Once you find the line with "unfolding m_def by (intro" in the entries below, return exactly every line from it through the line with "unfolding m_def by simp".
[Opening Given data section]
theorem mainTheorem18:
  fixes P :: "'a::finite \<Rightarrow> 'a \<Rightarrow> real"
    and \<eta> :: real
    and pihat pi :: "nat \<Rightarrow> 'a \<Rightarrow> real"
    and t :: nat
  assumes skew: "skew_symmetric P"
    and full_support: "\<forall>a. \<exists>\<pi>\<in>nash P. 0 < \<pi> a"
    and eta_pos: "0 < \<eta>"
    and eta_L: "\<eta> * maxabs P < 1/2"
    and init_simplex: "pihat 1 \<in> simplex"
    and init_pos: "\<forall>a. 0 < pihat 1 a"
    and pi0: "pi 0 = pihat 1"
    and pi_step: "\<forall>s\<ge>1. pi s = mw_step (pihat s) (\<lambda>a. \<eta> * mat_vec P (pi (s - 1)) a)"
    and pihat_step: "\<forall>s\<ge>1. pihat (s + 1) = mw_step (pihat s) (\<lambda>a. \<eta> * mat_vec P (pi s) a)"
    and t: "1 \<le> t"
  shows
    "let L = maxabs P;
         pistar = kl_proj P (pihat 1);
         \<epsilon> = Min (range pistar);
         Theta = KL pistar (pihat (t + 1)) + 4 * \<eta>\<^sup>2 * L\<^sup>2 * KL (pihat (t + 1)) (pi t);
         Khat = Max (range (\<lambda>a. pihat t a * \<bar>\<eta> * mat_vec P (pi t) a\<bar>))
     in inner_prod (\<lambda>a. ln (pihat (t + 1) a) - ln (pistar a))
                   (\<lambda>a. \<eta> * mat_vec P (pihat t) a - \<eta> * mat_vec P (pihat (t + 1)) a)
        \<ge> - ((exp (2 * \<eta> * L) - 1) * (exp (\<eta> * L) + 1) / (2 * \<epsilon>))
            * real (card (UNIV :: 'a set)) * (Theta + 2 * exp (-1)) * Khat"
proof -
  have "sum (pihat 1) UNIV = 1"
    using init_simplex by (simp add: simplex_def)
  note iterate = omwu_iterates_pos[OF init_pos this pi_step pihat_step]
  have step: "pihat (t + 1) = mw_step (pihat t) (\<lambda>a. \<eta> * mat_vec P (pi t) a)"
    using pihat_step t by simp
  define pistar where "pistar = kl_proj P (pihat 1)"
  have pistar_pos: "\<forall>a. 0 < pistar a"
    unfolding pistar_def using kl_proj_pos[OF full_support init_pos] by blast
  have "Min (range pistar) \<in> range pistar" "\<forall>a. Min (range pistar) \<le> pistar a"
    by (simp_all add: Min_in)
  then have eps: "0 < Min (range pistar)" "\<forall>a. Min (range pistar) \<le> pistar a"
    using pistar_pos by auto
  have "0 \<le> KL (pihat (t + 1)) (pi t)"
    using iterate[of "t + 1"] iterate[of t] t by (intro KL_nonneg) (auto simp: less_imp_le)
  then have Theta: "KL pistar (pihat (t + 1))
      \<le> KL pistar (pihat (t + 1)) + 4 * \<eta>\<^sup>2 * (maxabs P)\<^sup>2 * KL (pihat (t + 1)) (pi t)"
    by simp
  show ?thesis
    unfolding Let_def pistar_def[symmetric]
    using iterate[of t] t pistar_pos eps eta_pos
    by (intro omwu_step_inner_ge[OF _ _ _ _ step _ _ _ _ Theta]) (auto simp: less_imp_le)
qed

end
lemma sum_solution_nonzero_if_large_shift:
  fixes U :: "nat \<Rightarrow> nat \<Rightarrow> 'a :: real_normed_field" and v :: "nat \<Rightarrow> 'a"
  assumes n: "n \<ge> 1"
    and eq: "\<And>i. i < n \<Longrightarrow> y * v i - (\<Sum>j<n. U i j * v j) = 1"
    and large: "norm y > 2 * (\<Sum>i<n. \<Sum>j<n. norm (U i j))"
  shows "(\<Sum>i<n. v i) \<noteq> 0"
proof
  \<comment> \<open>With \<open>m\<close> the largest \<open>norm (v i)\<close>, summing all equations gives \<open>n \<le> K m\<close>,
    while the equation at a maximising index gives \<open>(norm y - K) m \<le> 1\<close>.\<close>
  assume sum_v: "(\<Sum>i<n. v i) = 0"
  define K where "K = (\<Sum>i<n. \<Sum>j<n. norm (U i j))"
  define w where "w i = (\<Sum>j<n. U i j * v j)" for i
  obtain i0 where i0: "i0 < n" and max: "\<And>j. j < n \<Longrightarrow> norm (v j) \<le> norm (v i0)"
  proof -
    let ?S = "(\<lambda>j. norm (v j)) ` {..<n}"
    have fin: "finite ?S" and ne: "?S \<noteq> {}" using n by (auto simp: lessThan_empty_iff)
    from Max_in[OF fin ne] obtain i0 where i0: "i0 \<in> {..<n}" and "Max ?S = norm (v i0)"
      by (rule imageE)
    then have "norm (v j) \<le> norm (v i0)" if "j < n" for j
      using Max_ge[OF fin, of "norm (v j)"] that by simp
    with i0 show thesis using that by simp
  qed
  define m where "m = norm (v i0)"
  have K: "K \<ge> 0" unfolding K_def by (intro sum_nonneg) auto
  have row_le: "(\<Sum>j<n. norm (U i j)) \<le> K" if "i < n" for i
    unfolding K_def using that by (intro member_le_sum) (auto intro: sum_nonneg)
  have w_le: "norm (w i) \<le> (\<Sum>j<n. norm (U i j)) * m" for i
  proof -
    have "norm (w i) \<le> (\<Sum>j<n. norm (U i j) * norm (v j))"
      unfolding w_def by (rule order_trans[OF norm_sum]) (simp add: norm_mult)
    also have "\<dots> \<le> (\<Sum>j<n. norm (U i j) * m)"
      unfolding m_def by (intro sum_mono mult_left_mono max) auto
    finally show ?thesis by (simp add: sum_distrib_right)
  qed
  have "of_nat n = (\<Sum>i<n. y * v i - w i)" using eq unfolding w_def by simp
  also have "\<dots> = - (\<Sum>i<n. w i)"
    by (simp add: sum_subtractf sum_distrib_left[symmetric] sum_v)
  finally have "real n \<le> (\<Sum>i<n. norm (w i))"
    by (metis norm_minus_cancel norm_of_nat norm_sum)
  also have "\<dots> \<le> (\<Sum>i<n. (\<Sum>j<n. norm (U i j)) * m)" by (intro sum_mono w_le)
  also have "\<dots> = K * m" unfolding K_def by (simp add: sum_distrib_right)
  finally have n_le: "real n \<le> K * m" .
  have "y * v i0 = 1 + w i0" using eq[OF i0] unfolding w_def by (simp add: algebra_simps)
  then have "norm y * m = norm (1 + w i0)" unfolding m_def by (metis norm_mult)
  also have "\<dots> \<le> 1 + K * m"
    using norm_triangle_ineq[of 1 "w i0"] w_le[of i0] mult_right_mono[OF row_le[OF i0], of m]
    unfolding m_def by simp
  finally have dm: "(norm y - K) * m \<le> 1" by (simp add: algebra_simps)
  have d: "K < norm y - K" using large unfolding K_def by simp
  have "(norm y - K) * real n \<le> (norm y - K) * (K * m)"
    using n_le d K by (intro mult_left_mono) auto
  also have "\<dots> = K * ((norm y - K) * m)" by (simp add: algebra_simps)
  also have "\<dots> \<le> K" using mult_left_mono[OF dm K] by simp
  finally have "(norm y - K) * real n \<le> K" .
  moreover have "norm y - K \<le> (norm y - K) * real n"
    using mult_left_mono[of 1 "real n" "norm y - K"] n d K by simp
  ultimately show False using d by linarith
qed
[Closing Given data section]
◆ Problem solution ◆
      unfolding m_def by (intro sum_mono mult_left_mono max) auto
    finally show ?thesis by (simp add: sum_distrib_right)
  qed
  have "of_nat n = (\<Sum>i<n. y * v i - w i)" using eq unfolding w_def by simp
  also have "\<dots> = - (\<Sum>i<n. w i)"
    by (simp add: sum_subtractf sum_distrib_left[symmetric] sum_v)
  finally have "real n \<le> (\<Sum>i<n. norm (w i))"
    by (metis norm_minus_cancel norm_of_nat norm_sum)
  also have "\<dots> \<le> (\<Sum>i<n. (\<Sum>j<n. norm (U i j)) * m)" by (intro sum_mono w_le)
  also have "\<dots> = K * m" unfolding K_def by (simp add: sum_distrib_right)
  finally have n_le: "real n \<le> K * m" .
  have "y * v i0 = 1 + w i0" using eq[OF i0] unfolding w_def by (simp add: algebra_simps)
  then have "norm y * m = norm (1 + w i0)" unfolding m_def by (metis norm_mult)
  also have "\<dots> \<le> 1 + K * m"
    using norm_triangle_ineq[of 1 "w i0"] w_le[of i0] mult_right_mono[OF row_le[OF i0], of m]
    unfolding m_def by simp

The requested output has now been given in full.